WHAT IS NEEDED: Where the records below show a line containing "by (intro ennreal_mult)", start copying; end with the line containing "using K by (subst ennreal_mult[symmetric])", and copy it too.

Stored items:
#####

lemma nn_integral_powr_sum_indicator_le_cover:
  fixes M :: "'b measure" and T :: "nat \<Rightarrow> 'b set"
  assumes CL: "finite CL" "\<And>c. c \<in> CL \<Longrightarrow> c \<subseteq> {..<N}" "{..<N} \<subseteq> \<Union>CL"
    and T: "\<And>i. T i \<in> sets M" and p: "p \<ge> 1" and K: "K \<ge> 0"
    and classes: "\<And>c. c \<in> CL \<Longrightarrow>
      (\<integral>\<^sup>+x. ennreal ((\<Sum>i\<in>c. indicator (T i) x) powr p) \<partial>M) \<le> ennreal (real (card c) * K)"
  shows "(\<integral>\<^sup>+x. ennreal ((\<Sum>j<N. indicator (T j) x) powr p) \<partial>M)
     \<le> ennreal (real (card CL) powr (p+1) * K * real N)"
proof -
  let ?f = "\<lambda>c x. (\<Sum>i\<in>c. indicator (T i) x :: real)"
  have pointwise: "ennreal ((\<Sum>j<N. indicator (T j) x) powr p)
      \<le> ennreal (real (card CL) powr p) * (\<Sum>c\<in>CL. ennreal (?f c x powr p))" for x
  proof -
    have "(\<Sum>j<N. indicator (T j) x :: real) \<le> (\<Sum>c\<in>CL. ?f c x)"
      using CL finite_subset[OF CL(2)] by (intro sum_le_sum_of_cover) auto
    then have "(\<Sum>j<N. indicator (T j) x :: real) powr p \<le> (\<Sum>c\<in>CL. ?f c x) powr p"
      using p by (intro powr_mono2) (auto intro: sum_nonneg)
    also have "\<dots> \<le> real (card CL) powr p * (\<Sum>c\<in>CL. ?f c x powr p)"
      using p CL by (intro sum_powr_le_card_powr) (auto intro: sum_nonneg)
    finally have "ennreal ((\<Sum>j<N. indicator (T j) x) powr p)
        \<le> ennreal (real (card CL) powr p * (\<Sum>c\<in>CL. ?f c x powr p))"
      by (rule ennreal_leI)
    also have "\<dots> = ennreal (real (card CL) powr p) * ennreal (\<Sum>c\<in>CL. ?f c x powr p)"
      by (intro ennreal_mult) (auto intro: sum_nonneg)
    finally show ?thesis by simp
  qed
  have "(\<integral>\<^sup>+x. ennreal ((\<Sum>j<N. indicator (T j) x) powr p) \<partial>M)
      \<le> (\<integral>\<^sup>+x. ennreal (real (card CL) powr p) * (\<Sum>c\<in>CL. ennreal (?f c x powr p)) \<partial>M)"
    by (intro nn_integral_mono pointwise)
  also have "\<dots> = ennreal (real (card CL) powr p) * (\<Sum>c\<in>CL. \<integral>\<^sup>+x. ennreal (?f c x powr p) \<partial>M)"
  proof -
    have "(\<integral>\<^sup>+x. (\<Sum>c\<in>CL. ennreal (?f c x powr p)) \<partial>M) = (\<Sum>c\<in>CL. \<integral>\<^sup>+x. ennreal (?f c x powr p) \<partial>M)"
      using T by (intro nn_integral_sum) auto
    then show ?thesis using T by (subst nn_integral_cmult) auto
  qed
  also have "\<dots> \<le> ennreal (real (card CL) powr p) * (\<Sum>c\<in>CL. ennreal (real N * K))"
  proof (intro mult_left_mono sum_mono order_trans[OF classes] ennreal_leI mult_right_mono K)
    fix c assume "c \<in> CL"
    then show "real (card c) \<le> real N" using card_mono[OF _ CL(2)] by fastforce
  qed auto
  also have "\<dots> = ennreal (real (card CL) powr p) * ennreal (real (card CL) * (real N * K))"
    using K by (subst sum_const_ennreal) auto
  also have "\<dots> = ennreal (real (card CL) powr p * (real (card CL) * (real N * K)))"
    using K by (subst ennreal_mult[symmetric]) auto
  also have "real (card CL) powr p * (real (card CL) * (real N * K)) = real (card CL) powr (p+1) * K * real N"
    using p by (cases "card CL = 0") (simp_all add: powr_add mult_ac)
  finally show ?thesis .
qed

context hairbrush_setting
begin

lemma nn_integral_le_of_card_le:
  assumes \<delta>: "0 < \<delta>" "\<delta> < 1" and mem: "\<forall>j<N. us j \<in> Y \<and> as j \<in> A" and N: "N \<le> Nb"
  shows "(\<integral>\<^sup>+x. ennreal ((\<Sum>j<N. indicator (TB \<delta> (us j) (as j)) x) powr (1+q)) \<partial>\<mu>)
     \<le> ennreal (real Nb powr q * c2 * \<delta> powr Tx * real N)"
proof -
  have pointwise: "ennreal ((\<Sum>j<N. indicator (TB \<delta> (us j) (as j)) x) powr (1+q))
     \<le> ennreal (real Nb powr q) * (\<Sum>j<N. indicator (TB \<delta> (us j) (as j)) x)" for x
  proof -
    define F where "F = (\<Sum>j<N. indicator (TB \<delta> (us j) (as j)) x :: real)"
    have F0: "F \<ge> 0" by (simp add: F_def sum_nonneg)
    have "F \<le> (\<Sum>j<N. 1)" unfolding F_def by (intro sum_mono) (simp add: indicator_def)
    then have "F \<le> real Nb" using N by simp
    then have "F * F powr q \<le> F * real Nb powr q" using F0 q_pos by (intro mult_left_mono powr_mono2) auto
    then have "ennreal (F powr (1+q)) \<le> ennreal (real Nb powr q) * ennreal F"
      using F0 by (simp add: powr_add ennreal_mult[symmetric] mult.commute ennreal_leI)
    then show ?thesis by (simp add: F_def ennreal_indicator[symmetric])
  qed
  have "(\<integral>\<^sup>+x. ennreal ((\<Sum>j<N. indicator (TB \<delta> (us j) (as j)) x) powr (1+q)) \<partial>\<mu>)
      \<le> (\<integral>\<^sup>+x. ennreal (real Nb powr q) * (\<Sum>j<N. indicator (TB \<delta> (us j) (as j)) x) \<partial>\<mu>)"
    by (intro nn_integral_mono pointwise)
  also have "\<dots> = ennreal (real Nb powr q) * (\<Sum>j<N. emeasure \<mu> (TB \<delta> (us j) (as j)))"
    by (subst nn_integral_cmult) (auto simp: nn_integral_sum)
  also have "\<dots> \<le> ennreal (real Nb powr q) * (\<Sum>j<N. ennreal (c2 * \<delta> powr Tx))"
    using emeasure_btube_le mem \<delta> by (intro mult_left_mono sum_mono) auto
  also have "\<dots> = ennreal (real Nb powr q) * ennreal (real N * (c2 * \<delta> powr Tx))"
    using c2_pos by (subst sum_const_ennreal) auto
  also have "\<dots> = ennreal (real Nb powr q * c2 * \<delta> powr Tx * real N)"
    using c2_pos by (subst ennreal_mult[symmetric]) (auto simp: mult_ac)
  finally show ?thesis .
qed
lemma predictable_log_linear:
  fixes f G H :: "real \<Rightarrow> 'a \<Rightarrow> real"
  assumes F: "filtration \<Omega> F"
    and f_pos: "\<And>t \<omega>. \<omega> \<in> \<Omega> \<Longrightarrow> 0 \<le> t \<Longrightarrow> 0 < f t \<omega>"
    and ln_f: "\<And>t \<omega>. \<omega> \<in> \<Omega> \<Longrightarrow> 0 \<le> t \<Longrightarrow> ln (f t \<omega>) = c + p * G t \<omega> - q * H t \<omega>"
    and G_cont: "\<And>\<omega>. \<omega> \<in> \<Omega> \<Longrightarrow> continuous_on {0..} (\<lambda>t. G t \<omega>)"
    and H_cont: "\<And>\<omega>. \<omega> \<in> \<Omega> \<Longrightarrow> continuous_on {0..} (\<lambda>t. H t \<omega>)"
    and G_adapted: "\<And>t. 0 \<le> t \<Longrightarrow> G t \<in> borel_measurable (F t)"
    and H_adapted: "\<And>t. 0 \<le> t \<Longrightarrow> H t \<in> borel_measurable (F t)"
  shows "predictable F \<Omega> f"
proof (rule predictable_if_continuous_adapted[OF F])
  have f_eq: "f t \<omega> = exp (c + p * G t \<omega> - q * H t \<omega>)" if "\<omega> \<in> \<Omega>" "0 \<le> t" for t \<omega>
    using ln_f[OF that] f_pos[OF that] by (metis exp_ln)
  show "continuous_on {0..} (\<lambda>t. f t \<omega>)" if "\<omega> \<in> \<Omega>" for \<omega>
  proof -
    have "continuous_on {0..} (\<lambda>t. exp (c + p * G t \<omega> - q * H t \<omega>))"
      using G_cont[OF that] H_cont[OF that] by (intro continuous_intros)
    then show ?thesis
      by (rule continuous_on_cong[THEN iffD1, OF refl, rotated]) (simp add: f_eq that)
  qed
  show "f t \<in> borel_measurable (F t)" if "0 \<le> t" for t
  proof -
    have "(\<lambda>\<omega>. exp (c + p * G t \<omega> - q * H t \<omega>)) \<in> borel_measurable (F t)"
      using G_adapted[OF that] H_adapted[OF that] by measurable
    moreover have "f t \<omega> = exp (c + p * G t \<omega> - q * H t \<omega>)" if "\<omega> \<in> space (F t)" for \<omega>
      using f_eq \<open>0 \<le> t\<close> that filtration.space_F[OF F] by simp
    ultimately show ?thesis
      by (rule measurable_cong[THEN iffD2, rotated])
  qed
qed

#####

OUTPUT OF THE TASK:
      by (intro ennreal_mult) (auto intro: sum_nonneg)
    finally show ?thesis by simp
  qed
  have "(\<integral>\<^sup>+x. ennreal ((\<Sum>j<N. indicator (T j) x) powr p) \<partial>M)
      \<le> (\<integral>\<^sup>+x. ennreal (real (card CL) powr p) * (\<Sum>c\<in>CL. ennreal (?f c x powr p)) \<partial>M)"
    by (intro nn_integral_mono pointwise)
  also have "\<dots> = ennreal (real (card CL) powr p) * (\<Sum>c\<in>CL. \<integral>\<^sup>+x. ennreal (?f c x powr p) \<partial>M)"
  proof -
    have "(\<integral>\<^sup>+x. (\<Sum>c\<in>CL. ennreal (?f c x powr p)) \<partial>M) = (\<Sum>c\<in>CL. \<integral>\<^sup>+x. ennreal (?f c x powr p) \<partial>M)"
      using T by (intro nn_integral_sum) auto
    then show ?thesis using T by (subst nn_integral_cmult) auto
  qed
  also have "\<dots> \<le> ennreal (real (card CL) powr p) * (\<Sum>c\<in>CL. ennreal (real N * K))"
  proof (intro mult_left_mono sum_mono order_trans[OF classes] ennreal_leI mult_right_mono K)
    fix c assume "c \<in> CL"
    then show "real (card c) \<le> real N" using card_mono[OF _ CL(2)] by fastforce
  qed auto
  also have "\<dots> = ennreal (real (card CL) powr p) * ennreal (real (card CL) * (real N * K))"
    using K by (subst sum_const_ennreal) auto
  also have "\<dots> = ennreal (real (card CL) powr p * (real (card CL) * (real N * K)))"
    using K by (subst ennreal_mult[symmetric]) auto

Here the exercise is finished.